## Exercise objective
Give back all the records exactly, keeping every line whole.

Stored data:
== Segment start ==

(* Let $\widetilde{\Sigma}_1,\ldots,\widetilde{\Sigma}_n$ be pairwise disjoint visibly pushdown alphabets and $\widetilde{\Sigma}=\widetilde{\Sigma}_1\uplus\cdots\uplus\widetilde{\Sigma}_n$. If $L_i\subseteq\widetilde{\Sigma}_i^*$ is a visibly pushdown language for each $i$, then the well-nested shuffle $L_1\bowtie\cdots\bowtie L_n$ is a visibly pushdown language over $\widetilde{\Sigma}$.
   Context: A visibly pushdown (VP) alphabet is a finite alphabet partitioned into calls, returns and internals; $\widetilde{\Sigma}$ has as calls/returns/internals the unions of those of the $\widetilde{\Sigma}_i$. A visibly pushdown automaton is a pushdown automaton with bottom symbol $\bot$ that pushes one non-$\bot$ symbol on each call, pops the top symbol on each return (reading $\bot$ on empty stack without removing it), and does not touch the stack on internals; a visibly pushdown language is one accepted by such an automaton. In a word, calls and returns are matched like opening and closing parentheses (internals ignored). A word over $\widetilde{\Sigma}$ is well-nested if every matched call–return pair consists of two letters from the same $\widetilde{\Sigma}_k$. The shuffle $L_1\parallel\cdots\parallel L_n$ is $\{w\in\widetilde{\Sigma}^*:\Pi_{\widetilde{\Sigma}_i}(w)\in L_i\text{ for all }i\}$, where $\Pi_{\widetilde{\Sigma}_i}$ erases letters not in $\widetilde{\Sigma}_i$; the well-nested shuffle $L_1\bowtie\cdots\bowtie L_n$ is the set of well-nested words in $L_1\parallel\cdots\parallel L_n$. *)

theory Defs
  imports Main
begin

== Segment end ==

## Solution
(* Let $\widetilde{\Sigma}_1,\ldots,\widetilde{\Sigma}_n$ be pairwise disjoint visibly pushdown alphabets and $\widetilde{\Sigma}=\widetilde{\Sigma}_1\uplus\cdots\uplus\widetilde{\Sigma}_n$. If $L_i\subseteq\widetilde{\Sigma}_i^*$ is a visibly pushdown language for each $i$, then the well-nested shuffle $L_1\bowtie\cdots\bowtie L_n$ is a visibly pushdown language over $\widetilde{\Sigma}$.
   Context: A visibly pushdown (VP) alphabet is a finite alphabet partitioned into calls, returns and internals; $\widetilde{\Sigma}$ has as calls/returns/internals the unions of those of the $\widetilde{\Sigma}_i$. A visibly pushdown automaton is a pushdown automaton with bottom symbol $\bot$ that pushes one non-$\bot$ symbol on each call, pops the top symbol on each return (reading $\bot$ on empty stack without removing it), and does not touch the stack on internals; a visibly pushdown language is one accepted by such an automaton. In a word, calls and returns are matched like opening and closing parentheses (internals ignored). A word over $\widetilde{\Sigma}$ is well-nested if every matched call–return pair consists of two letters from the same $\widetilde{\Sigma}_k$. The shuffle $L_1\parallel\cdots\parallel L_n$ is $\{w\in\widetilde{\Sigma}^*:\Pi_{\widetilde{\Sigma}_i}(w)\in L_i\text{ for all }i\}$, where $\Pi_{\widetilde{\Sigma}_i}$ erases letters not in $\widetilde{\Sigma}_i$; the well-nested shuffle $L_1\bowtie\cdots\bowtie L_n$ is the set of well-nested words in $L_1\parallel\cdots\parallel L_n$. *)

theory Defs
  imports Main
begin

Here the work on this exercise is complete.